Но учебные планы по литературе пишут взрослые люди, как-могли-заработавшие себе на личный постмодернизм, вследствие чего учебники, преподающие умственное бессилие Толстого вкупе с наивностью Чехова в виду гордого человека Горького, навсегда отшибают у подросшего щенка желание бороться со своими блохами: если у великих была такая подлая шерсть, мне и подавно можно в луже спать.
Лично мне в школе чудесно повезло с изумительной нашей Чайкиной. Ей было лень говорить и слушать эту чушь про скучающего Онегина, посему добрая женщина задавала на дом только пересказы содержания. Как запомнил, так и расскажи: перчатки Печорина, лошадь Вронского и плечи Анны, муж Татьяны, дети Наташи,
мудрость Каратаева, любовь Обломова, сто двадцать восьмой сон Веры Палны и что с этим делать.
Когда очередь подходила к очень толстым книгам, - ясно, не осилят, - она вызывала к доске меня, точно уже ознакомившуюся, и просила рассказать о прочитанном всему классу, пока она пойдёт за журналом, а класс успеет за мной записать. И обрела я свой первый опыт больших публичных выступлений.

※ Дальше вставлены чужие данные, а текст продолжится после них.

(* Let $p=p_1p_2\cdots p_n$ be a permutation avoiding the pattern $1324$, and let $w(p)$ and $z(p)$ be the two words of length $n$ over $\{A,B,C,D\}$ defined in the context. Then for every $i\geq 1$: if the $i$th letter $A$ from the right in $w(p)$ is in the middle of a $CAB$-factor (i.e., it is immediately preceded by a letter $C$ and immediately followed by a letter $B$), then the $i$th segment of $z(p)$ from the left contains a letter $B$.
   Context: A permutation $p$ avoids $1324$ if there are no indices $i_1<i_2<i_3<i_4$ with $p_{i_1}<p_{i_3}<p_{i_2}<p_{i_4}$. An entry $p_i$ is a left-to-right minimum if it is smaller than all entries to its left, and a right-to-left maximum if it is larger than all entries to its right (these notions are also applied to subsequences). Coloring: scan $p$ from left to right; color $p_i$ blue if coloring it red would create a $132$-pattern consisting entirely of red entries (among the previously colored red entries together with $p_i$); otherwise color $p_i$ red. Then mark each entry with a letter: (1) a red entry that is a left-to-right minimum of the subsequence of red entries gets $A$; (2) a red entry that is not such a left-to-right minimum gets $B$; (3) a blue entry that is not a right-to-left maximum of the subsequence of blue entries gets $C$; (4) a blue entry that is a right-to-left maximum of the subsequence of blue entries gets $D$; (4') finally, every entry that is a right-to-left maximum of all of $p$ but not a left-to-right minimum of $p$ is colored blue and marked $D$, regardless of the earlier rules. The word $w(p)$ has as its $i$th letter the letter of $p_i$; the word $z(p)$ has as its $i$th letter the letter of the entry of value $i$. A segment of a word $v$ over $\{A,B,C,D\}$ is a factor (consecutive letters) that starts with a letter $A$ and ends immediately before the next letter $A$, or at the end of $v$. The $i$th segment from the left is the one starting at the $i$th letter $A$ from the left. *)

theory Defs
  imports Main
begin

text \<open>Permutations of length n are lists containing each of 1..n exactly once.
  Positions are 0-based list indices; values are 1..n.\<close>

definition is_perm :: "nat list \<Rightarrow> bool" where
  "is_perm p \<longleftrightarrow> distinct p \<and> set p = {1..length p}"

Ныне, трудясь в прямом эфире радио, я каждый день благодарю милую Чайку за мою
детскую лекционную деятельность. Представьте, куда она меня бросала: соклассники,
мои ровесники, должны были каждый раз прощать мне моё существование в означенных
формах. А я должна была каждый раз доказывать им, что мой пересказ, например, "Войны
и мира" можно использовать в любой практике: писать сочинения, отвечать у доски, просто болтать о нравах и временах.

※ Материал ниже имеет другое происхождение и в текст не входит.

(* Let $q\ge 2$ and $n,l\ge1$. For every IDF code over $l$ blocks for $\Pi^q_n$ (with stochastic or deterministic encoder and deterministic decoding sets) with $M\ge 2^{q^{nl}}$ messages, the type-I and type-II error probabilities satisfy $\lambda_1+\lambda_2\ge1$.
   Context: Fix an integer $q\ge 2$, $\mathcal A_q=\{1,\dots,q\}$. For $n\ge1$ and $\sigma\in S_n$, $\sigma\mathbf x=(x_{\sigma^{-1}(1)},\dots,x_{\sigma^{-1}(n)})$ for $\mathbf x\in\mathcal A_q^n$; the $n$-block $q$-ary uniform permutation channel $\Pi^q_n$ has input/output alphabet $\mathcal A_q^n$ and $\Pi^q_n(\mathbf y\mid\mathbf x)=\frac1{n!}\sum_{\sigma\in S_n}\mathbf 1\{\mathbf y=\sigma\mathbf x\}$. An identification-feedback (IDF) code over $l$ blocks with $M$ messages for $\Pi^q_n$ (with block-wise noiseless feedback) is a family $\{(\mathbb Q_{i,1},\dots,\mathbb Q_{i,l},\mathcal D_i)\}_{i=1}^M$ where $\mathbb Q_{i,j}(\mathbf x^{(j)}\mid \mathbf y^{(1)},\dots,\mathbf y^{(j-1)},\mathbf x^{(1)},\dots,\mathbf x^{(j-1)})$ is a conditional probability distribution on $\mathcal A_q^n$ given the previous output blocks (fed back) and previous input blocks, and $\mathcal D_i\subseteq(\mathcal A_q^n)^l$. When message $i$ is sent, the blocks have joint law $\mathbb P^{(i)}(\underline{\mathbf x},\underline{\mathbf y})=\prod_{j=1}^l\mathbb Q_{i,j}(\mathbf x^{(j)}\mid\mathbf y^{(1)},\dots,\mathbf y^{(j-1)},\mathbf x^{(1)},\dots,\mathbf x^{(j-1)})\,\Pi^q_n(\mathbf y^{(j)}\mid\mathbf x^{(j)})$. The code is deterministic if each $\mathbb Q_{i,j}$ is a point mass given by a function $\mathbf f_{i,j}$ of the past blocks. Error probabilities: $\lambda_{i\to j}=\mathbb P^{(i)}(\underline{\mathbf y}\in\mathcal D_j)$ for $i\ne j$, $\lambda_{i\not\to i}=\mathbb P^{(i)}(\underline{\mathbf y}\notin\mathcal D_i)$, type-I error $\lambda_1=\max_i\lambda_{i\not\to i}$, type-II error $\lambda_2=\max_{i\neq j}\lambda_{i\to j}$. *)

theory Defs
  imports "HOL-Analysis.Analysis" "HOL-Combinatorics.Permutations"
begin

text \<open>Blocks of length n over the alphabet {1..q}: elements of A_q^n, as lists
  (position i of the list is coordinate i+1).\<close>
definition blocks :: "nat \<Rightarrow> nat \<Rightarrow> nat list set" where
  "blocks q n = {x. length x = n \<and> set x \<subseteq> {1..q}}"

definition block_seqs :: "nat \<Rightarrow> nat \<Rightarrow> nat \<Rightarrow> nat list list set" where
  "block_seqs q n l = {xs. length xs = l \<and> set xs \<subseteq> blocks q n}"

definition perm_act :: "nat \<Rightarrow> (nat \<Rightarrow> nat) \<Rightarrow> nat list \<Rightarrow> nat list" where
  "perm_act n \<sigma> x = map (\<lambda>i. x ! inv \<sigma> i) [0..<n]"

definition perm_channel :: "nat \<Rightarrow> nat list \<Rightarrow> nat list \<Rightarrow> real" where
  "perm_channel n y x =
     real (card {\<sigma>. \<sigma> permutes {..<n} \<and> y = perm_act n \<sigma> x}) / fact n"

text \<open>A (stochastic) encoder for one message: Qi j ys xs x is the probability
  of input block x in block j (0-based, j < l) given the previous output blocks ys
  and previous input blocks xs (each a list of length j).\<close>
definition valid_encoder ::
  "nat \<Rightarrow> nat \<Rightarrow> nat \<Rightarrow> (nat \<Rightarrow> nat list list \<Rightarrow> nat list list \<Rightarrow> nat list \<Rightarrow> real) \<Rightarrow> bool" where
  "valid_encoder q n l Qi \<longleftrightarrow>
     (\<forall>j<l. \<forall>ys xs. ys \<in> block_seqs q n j \<and> xs \<in> block_seqs q n j \<longrightarrow>
        (\<forall>x\<in>blocks q n. 0 \<le> Qi j ys xs x) \<and> (\<Sum>x\<in>blocks q n. Qi j ys xs x) = 1)"

definition joint_prob ::
  "nat \<Rightarrow> nat \<Rightarrow> (nat \<Rightarrow> nat list list \<Rightarrow> nat list list \<Rightarrow> nat list \<Rightarrow> real)
     \<Rightarrow> nat list list \<Rightarrow> nat list list \<Rightarrow> real" where
  "joint_prob n l Qi xs ys =
     (\<Prod>j<l. Qi j (take j ys) (take j xs) (xs ! j) * perm_channel n (ys ! j) (xs ! j))"

definition out_prob ::
  "nat \<Rightarrow> nat \<Rightarrow> nat \<Rightarrow> (nat \<Rightarrow> nat list list \<Rightarrow> nat list list \<Rightarrow> nat list \<Rightarrow> real)
     \<Rightarrow> nat list list set \<Rightarrow> real" where
  "out_prob q n l Qi E =
     (\<Sum>xs\<in>block_seqs q n l. \<Sum>ys\<in>block_seqs q n l \<inter> E. joint_prob n l Qi xs ys)"

definition IDF_code ::
  "nat \<Rightarrow> nat \<Rightarrow> nat \<Rightarrow> nat
     \<Rightarrow> (nat \<Rightarrow> nat \<Rightarrow> nat list list \<Rightarrow> nat list list \<Rightarrow> nat list \<Rightarrow> real)
     \<Rightarrow> (nat \<Rightarrow> nat list list set) \<Rightarrow> bool" where
  "IDF_code q n l M Q D \<longleftrightarrow>
     (\<forall>i\<in>{1..M}. valid_encoder q n l (Q i) \<and> D i \<subseteq> block_seqs q n l)"

definition type1_error where
  "type1_error q n l M Q D =
     Max ((\<lambda>i. out_prob q n l (Q i) (block_seqs q n l - D i)) ` {1..M})"

definition type2_error where
  "type2_error q n l M Q D =
     Max {out_prob q n l (Q i) (D j) | i j. i \<in> {1..M} \<and> j \<in> {1..M} \<and> i \<noteq> j}"

end

theory Submission
  imports Defs
begin

text \<open>There are only \<open>2 ^ q ^ (n * l)\<close> possible decoding sets, namely the subsets of
  \<open>(A_q^n)^l\<close>. If two messages \<open>i \<noteq> j\<close> share a decoding set, then
  \<open>\<lambda>\<^sub>1 + \<lambda>\<^sub>2 \<ge> \<lambda>\<^bsub>i\<not>\<rightarrow>i\<^esub> + \<lambda>\<^bsub>i\<rightarrow>j\<^esub> = 1\<close>. Otherwise the decoding sets exhaust
  all subsets, so some message has the empty decoding set and type-I error \<open>1\<close>.\<close>

lemma finite_blocks: "finite (blocks q n)"
proof -
  have "blocks q n = {xs. set xs \<subseteq> {1..q} \<and> length xs = n}"
    by (auto simp: blocks_def)
  then show ?thesis
    using finite_lists_length_eq[of "{1..q}" n] by simp
qed

lemma finite_block_seqs: "finite (block_seqs q n l)"
proof -
  have "block_seqs q n l = {xs. set xs \<subseteq> blocks q n \<and> length xs = l}"
    by (auto simp: block_seqs_def)
  then show ?thesis
    using finite_lists_length_eq[OF finite_blocks] by simp
qed

lemma card_block_seqs: "card (block_seqs q n l) = q ^ (n * l)"
proof -
  have "block_seqs q n l = {xs. set xs \<subseteq> blocks q n \<and> length xs = l}"
    by (auto simp: block_seqs_def)
  moreover have "blocks q n = {xs. set xs \<subseteq> {1..q} \<and> length xs = n}"
    by (auto simp: blocks_def)
  ultimately show ?thesis
    using card_lists_length_eq[OF finite_blocks, of q n l] card_lists_length_eq[of "{1..q}" n]
    by (simp add: power_mult)
qed

lemma block_seqs_0: "block_seqs q n 0 = {[]}"
  by (auto simp: block_seqs_def)

lemma block_seqs_Suc:
  "block_seqs q n (Suc k) = (\<lambda>(xs, x). xs @ [x]) ` (block_seqs q n k \<times> blocks q n)"
proof (intro equalityI subsetI)
  fix zs assume "zs \<in> block_seqs q n (Suc k)"
  then have len: "length zs = Suc k" and set: "set zs \<subseteq> blocks q n"
    by (auto simp: block_seqs_def)
  then obtain xs x where zs: "zs = xs @ [x]"
    by (cases zs rule: rev_cases) auto
  have "(xs, x) \<in> block_seqs q n k \<times> blocks q n"
    using len set by (simp add: zs block_seqs_def)
  then show "zs \<in> (\<lambda>(xs, x). xs @ [x]) ` (block_seqs q n k \<times> blocks q n)"
    unfolding zs by (rule rev_image_eqI) simp
qed (auto simp: block_seqs_def)

lemma sum_block_seqs_Suc:
  "(\<Sum>zs\<in>block_seqs q n (Suc k). f zs) = (\<Sum>xs\<in>block_seqs q n k. \<Sum>x\<in>blocks q n. f (xs @ [x]))"
proof -
  have "inj_on (\<lambda>(xs, x). xs @ [x]) (block_seqs q n k \<times> blocks q n)"
    by (auto simp: inj_on_def)
  then show ?thesis
    unfolding block_seqs_Suc by (simp add: sum.reindex sum.cartesian_product split_def)
qed

lemma perm_act_in_blocks:
  assumes "\<sigma> permutes {..<n}" and "x \<in> blocks q n"
  shows "perm_act n \<sigma> x \<in> blocks q n"
proof -
  have "inv \<sigma> i < length x" if "i < n" for i
    using permutes_in_image[OF permutes_inv[OF assms(1)]] that assms(2)
    by (auto simp: blocks_def)
  then have "x ! inv \<sigma> i \<in> {1..q}" if "i < n" for i
    using that assms(2) nth_mem by (fastforce simp: blocks_def)
  then show ?thesis
    by (auto simp: blocks_def perm_act_def)
qed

Теперь я взрослая. Слушатели радио вынуждены каждый день прощать мне то же самое.
И всё шло хорошо до вот этих, ныне описываемых событий, когда началось восстание чего-то вдруг не простивших масс.

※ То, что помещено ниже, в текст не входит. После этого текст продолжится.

lemma maxn_eq_self:
  assumes "vle n q"
  shows "maxn q = q"
proof -
  have "length q = d" and "\<forall>i<d. n ! i \<le> q ! i"
    using assms length_n by (simp_all add: vle_conv_nth)
  then show ?thesis
    by (intro nth_equalityI) (simp_all add: nth_maxn)
qed

lemma maxn_update_below:
  assumes "length q = d" and "i < d" and "q ! i < n ! i"
  shows "maxn (q[i := Suc (q ! i)]) = maxn q"
  using assms by (intro nth_equalityI) (auto simp: nth_maxn nth_list_update)

lemma maxn_update_above:
  assumes "length q = d" and "i < d" and "n ! i \<le> q ! i"
  shows "maxn (q[i := Suc (q ! i)]) = (maxn q)[i := Suc (maxn q ! i)]"
  using assms by (intro nth_equalityI) (auto simp: nth_maxn nth_list_update)

lemma g_mono: "k < K \<Longrightarrow> vle u v \<Longrightarrow> length u = d \<Longrightarrow> g k u \<le> g k v"
  using gs_nondecreasing[OF nth_mem] unfolding nondecreasing_def vle_conv_nth by auto

lemma f_mono: "vle u v \<Longrightarrow> length u = d \<Longrightarrow> f u \<le> f v"
  using f_nondecreasing unfolding nondecreasing_def vle_conv_nth by auto

lemma f_le_g: "k < K \<Longrightarrow> length u = d \<Longrightarrow> vle n u \<Longrightarrow> int (f u) \<le> g k u"
  using f_min[of u] by simp

lemma f_eq_some_g:
  assumes "length u = d" and "vle n u"
  obtains k where "k < K" and "g k u = int (f u)"
proof -
  have "Min ((\<lambda>g. g u) ` set gs) \<in> (\<lambda>g. g u) ` set gs"
    using gs_nonempty by (intro Min_in) auto
  with f_min[OF assms] show thesis
    by (metis imageE in_set_conv_nth that)
qed

lemma g_maxn_nonneg:
  assumes "k < K"
  shows "0 \<le> g k (maxn q)"
  using f_le_g[OF assms length_maxn[of q] vle_n_maxn] by linarith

Доносы посыпались, аки сухой горох. Личная жизнь и нравы автора и ведущей
духовно-нравственных передач. Треск и рокот. Представители угрожают руководству:
если меня, форменное исчадие, не уберут из эфира, они напишут выше, в Патриархию, бороться-то надо! Перешёптывания в редакции. Взгляды искоса. Наконец - первая кровь: понижение зарплаты. Точнее, так: всем повысили, мне оставили прежнюю. После первого акта диффамации накал чуточку снизился. Представители на неделю ослабили эпистолярный узел; наверное, побежали за новой пачкой бумаги.